I can feel the frustration radiating off Lauren like a fever. Doc adds, “As for your request to inform the people of the approaching settlers, I’m afraid I have to ask you to keep quiet about that for now.”
“I don’t know if I can do that.”
“People are close to panic, Lauren. It would be foolish to give them more cause for alarm without knowing if this information is accurate.”
Lauren doesn’t look convinced. “How can we verify what Jesse saw?” she asks.
“We’ll leave that up to Running Bird,” Doc says.
“Why Running Bird?”
“He is talented in many ways, a priest, even if he has withdrawn his vows. He knows many hidden secrets. And he is the smartest person I know. He will help Jesse discover the truth of his dreams.”
Lauren looks about as skeptical as I feel. But Catlin seems to accept what he says right away.
Doc tells me that Running Bird will find me when he’s ready. In the meantime, we agree to keep the doomsday news to ourselves — which I’m more than happy to do.
I never do get to have breakfast. By the time Lauren, Catlin, and I leave the tent, the breakfast dishes are being put away. I hope Lauren can hear my stomach rumbling as we walk back to our campsite, but she looks too preoccupied to hear much of anything.
“I’ve always hated secrets,” she tells me. “He’s forcing us to keep secrets.”
“Just for a little while,” I say.
“He’s like a king,” she says. “This is America. New America. Whatever. It should be a democracy.”

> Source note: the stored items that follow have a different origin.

(* There are constants $c,\beta\ge 0$ such that for all sufficiently large $n$ and every integer $k>\frac{4}{7}n+c$, the pair $(n,k)$ is $(2,\beta)$-approx good.
   Context: All graphs are undirected and unweighted. For a graph $G=(V,E)$ and integer $k$, a $k$-spanner of $G$ is a subgraph $H=(V,E')$, $E'\subseteq E$, with $\mathrm{dist}_H(u,v)\le k\cdot\mathrm{dist}_G(u,v)$ for all $u,v\in V$. Girth = length of a shortest cycle ($+\infty$ if acyclic). For constants $\alpha>1,\beta\ge 0$, a pair $(n,k)$ is $(\alpha,\beta)$-approx good if every connected $n$-vertex graph $G$ has a $k$-spanner $H=(V,E_H)$ with girth at least $k+2$ such that $|E_H|-n\le \alpha(\mathsf{OPT}-n)+\beta$, where $\mathsf{OPT}$ is the number of edges of a minimum (fewest-edge) $k$-spanner of $G$. *)

theory Defs
  imports Main "HOL-Library.Extended_Nat"
begin

definition simple_graph :: "nat set \<Rightarrow> nat set set \<Rightarrow> bool" where
  "simple_graph V E \<longleftrightarrow> (\<forall>e\<in>E. \<exists>u v. e = {u, v} \<and> u \<noteq> v \<and> u \<in> V \<and> v \<in> V)"

definition walk :: "nat set set \<Rightarrow> nat list \<Rightarrow> bool" where
  "walk E xs \<longleftrightarrow> xs \<noteq> [] \<and> (\<forall>i. i + 1 < length xs \<longrightarrow> {xs ! i, xs ! (i + 1)} \<in> E)"

definition gdist :: "nat set set \<Rightarrow> nat \<Rightarrow> nat \<Rightarrow> enat" where
  "gdist E u v = Inf {enat (length xs - 1) | xs. walk E xs \<and> hd xs = u \<and> last xs = v}"

definition connected_graph :: "nat set \<Rightarrow> nat set set \<Rightarrow> bool" where
  "connected_graph V E \<longleftrightarrow> simple_graph V E \<and> (\<forall>u\<in>V. \<forall>v\<in>V. gdist E u v < \<infinity>)"

definition is_cycle :: "nat set set \<Rightarrow> nat list \<Rightarrow> bool" where
  "is_cycle E xs \<longleftrightarrow> walk E xs \<and> distinct xs \<and> length xs \<ge> 3 \<and> {last xs, hd xs} \<in> E"

definition girth :: "nat set set \<Rightarrow> enat" where
  "girth E = Inf {enat (length xs) | xs. is_cycle E xs}"

definition is_spanner :: "nat set \<Rightarrow> nat set set \<Rightarrow> nat \<Rightarrow> nat set set \<Rightarrow> bool" where
  "is_spanner V E k H \<longleftrightarrow> H \<subseteq> E \<and>
     (\<forall>u\<in>V. \<forall>v\<in>V. gdist H u v \<le> enat k * gdist E u v)"

definition OPT :: "nat set \<Rightarrow> nat set set \<Rightarrow> nat \<Rightarrow> nat" where
  "OPT V E k = Min (card ` {H. is_spanner V E k H})"

definition approx_good :: "real \<Rightarrow> real \<Rightarrow> nat \<Rightarrow> nat \<Rightarrow> bool" where
  "approx_good \<alpha> \<beta> n k \<longleftrightarrow>
     (\<forall>E. connected_graph {0..<n} E \<longrightarrow>
        (\<exists>H. is_spanner {0..<n} E k H \<and> enat (k + 2) \<le> girth H \<and>
             real (card H) - real n \<le> \<alpha> * (real (OPT {0..<n} E k) - real n) + \<beta>))"

end

theory Submission
  imports Defs
begin

text \<open>The spanner is the greedy one: an edge-maximal subgraph H of E of girth at least k + 2.
  Every edge of E missing from H closes a cycle of length at most k + 1 with H, so H is a
  k-spanner. If H had n + 2 edges, three edges would lie outside a spanning tree of H; their
  fundamental cycles Z1, Z2, Z3 span seven nonzero elements of the cycle space (edge sets in which
  every degree is even). Each of them contains a cycle of H and so has at least k + 2 edges, while
  every edge of Z1 \<union> Z2 \<union> Z3, a set of at most n + 2 edges, lies in exactly four of them.
  Hence 7 (k + 2) \<le> 4 (n + 2), contradicting k > 4 n / 7. Since every k-spanner of a connected
  graph is connected and thus has at least n - 1 edges, |H| - n \<le> 1 \<le> 2 (OPT - n) + 3.\<close>

lemma simple_graph_edgeE:
  assumes "simple_graph V E" "e \<in> E"
  obtains u v where "e = {u, v}" "u \<noteq> v" "u \<in> V" "v \<in> V"
  using assms unfolding simple_graph_def by meson

lemma simple_graph_card_edge: "simple_graph V E \<Longrightarrow> e \<in> E \<Longrightarrow> card e = 2"
  by (erule simple_graph_edgeE) auto

lemma simple_graph_edge_subset: "simple_graph V E \<Longrightarrow> e \<in> E \<Longrightarrow> e \<subseteq> V"
  by (erule simple_graph_edgeE) auto

lemma simple_graph_finite_edges:
  assumes "simple_graph V E" "finite V"
  shows "finite E"
proof -
  have "E \<subseteq> Pow V"
    using simple_graph_edge_subset[OF assms(1)] by blast
  then show ?thesis
    using assms(2) finite_subset by blast
qed

lemma walk_singleton [simp]: "walk E [x]"
  by (simp add: walk_def)

lemma walk_Cons_Cons [simp]: "walk E (x # y # ys) \<longleftrightarrow> {x, y} \<in> E \<and> walk E (y # ys)"
  unfolding walk_def by (auto simp: nth_Cons split: nat.splits)

lemma walk_append: "walk E xs \<Longrightarrow> walk E ys \<Longrightarrow> last xs = hd ys \<Longrightarrow> walk E (xs @ tl ys)"
proof (induction xs rule: induct_list012)
  case (2 x)
  then show ?case by (cases ys) auto
next
  case (3 x y zs)
  then show ?case by simp
qed (simp add: walk_def)

lemma walk_mono: "walk E xs \<Longrightarrow> E \<subseteq> F \<Longrightarrow> walk F xs"
  unfolding walk_def by blast

lemma walk_rev: "walk E xs \<Longrightarrow> walk E (rev xs)"
proof (induction xs rule: induct_list012)
  case (3 x y zs)
  have "walk E (rev (y # zs) @ tl [y, x])"
    by (rule walk_append) (use 3 in \<open>auto simp: insert_commute\<close>)
  then show ?case by simp
qed auto

lemma gdist_le_walk: "walk E xs \<Longrightarrow> gdist E (hd xs) (last xs) \<le> enat (length xs - 1)"
  unfolding gdist_def by (rule Inf_lower) blast

lemma gdist_enatE:
  assumes "gdist E u v = enat d"
  obtains xs where "walk E xs" "hd xs = u" "last xs = v" "length xs - 1 = d"
proof -
  let ?S = "{enat (length xs - 1) | xs. walk E xs \<and> hd xs = u \<and> last xs = v}"
  have "?S \<noteq> {}"
    using assms unfolding gdist_def by (metis Inf_empty enat.distinct(1) top_enat_def)
  then have "Inf ?S \<in> ?S"
    unfolding Inf_enat_def by (auto intro: LeastI)
  then show ?thesis
    using assms that unfolding gdist_def by auto
qed

lemma gdist_commute: "gdist E u v = gdist E v u"
proof -
  have "gdist E u v \<le> gdist E v u" for u v
  proof (cases "gdist E v u")
    case (enat d)
    then obtain xs where "walk E xs" "hd xs = v" "last xs = u" "length xs - 1 = d"
      by (rule gdist_enatE)
    then show ?thesis
      using gdist_le_walk[OF walk_rev, of E xs] enat by (simp add: hd_rev last_rev)
  qed simp
  then show ?thesis
    by (simp add: antisym)
qed

lemma gdist_self: "gdist E v v = 0"
  using gdist_le_walk[of E "[v]"] by (simp add: zero_enat_def[symmetric])

lemma gdist_eq_0D:
  assumes "gdist E u v = 0"
  shows "u = v"
proof -
  obtain xs where "walk E xs" "hd xs = u" "last xs = v" "length xs - 1 = 0"
    using assms by (auto simp: zero_enat_def elim: gdist_enatE)
  then show ?thesis
    by (cases xs) (auto simp: walk_def)
qed

lemma gdist_SucE:
  assumes "gdist H v r = enat (Suc m)"
  obtains w where "{v, w} \<in> H" "gdist H w r = enat m"
proof -
  obtain xs where xs: "walk H xs" "hd xs = v" "last xs = r" "length xs - 1 = Suc m"
    using assms by (rule gdist_enatE)
  then obtain w rest where xs_eq: "xs = v # w # rest"
    by (cases xs rule: remdups_adj.cases) simp_all
  then have vw: "{v, w} \<in> H" and "walk H (w # rest)"
    using xs(1) by auto
  then have "gdist H w r \<le> enat m"
    using gdist_le_walk[of H "w # rest"] xs xs_eq by auto
  moreover have "\<not> gdist H w r < enat m"
  proof
    assume "gdist H w r < enat m"
    then obtain m' where m': "gdist H w r = enat m'" "m' < m"
      by (cases "gdist H w r") auto
    obtain ys where ys: "walk H ys" "hd ys = w" "last ys = r" "length ys - 1 = m'"
      by (rule gdist_enatE[OF m'(1)])
    have ne: "ys \<noteq> []"
      using ys(1) by (simp add: walk_def)
    then have "length ys = Suc m'"
      using ys(4) by (cases ys) auto
    moreover have "walk H (v # ys)"
      using vw ys(1,2) by (cases ys) auto
    ultimately have "gdist H v r \<le> enat (Suc m')"
      using gdist_le_walk[of H "v # ys"] ys(3) ne by simp
    then show False
      using assms m'(2) by simp
  qed
  ultimately show ?thesis
    using vw that by (simp add: not_less antisym)
qed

She asks Catlin if all the houses and clans are like this. Catlin doesn’t know. She wasn’t that interested in politics. This earns her a lecture in responsibility from Lauren. I find myself getting sleepy, and I say I’m going to rest a little in my tent. I ask Lauren if she maybe wants to catch a nap. I’m thinking a little alone nap time might help us get back to those feelings we seemed to have for each other on the trip here. She says she doesn’t nap, and I can tell she doesn’t approve of the whole concept of sleeping during the day.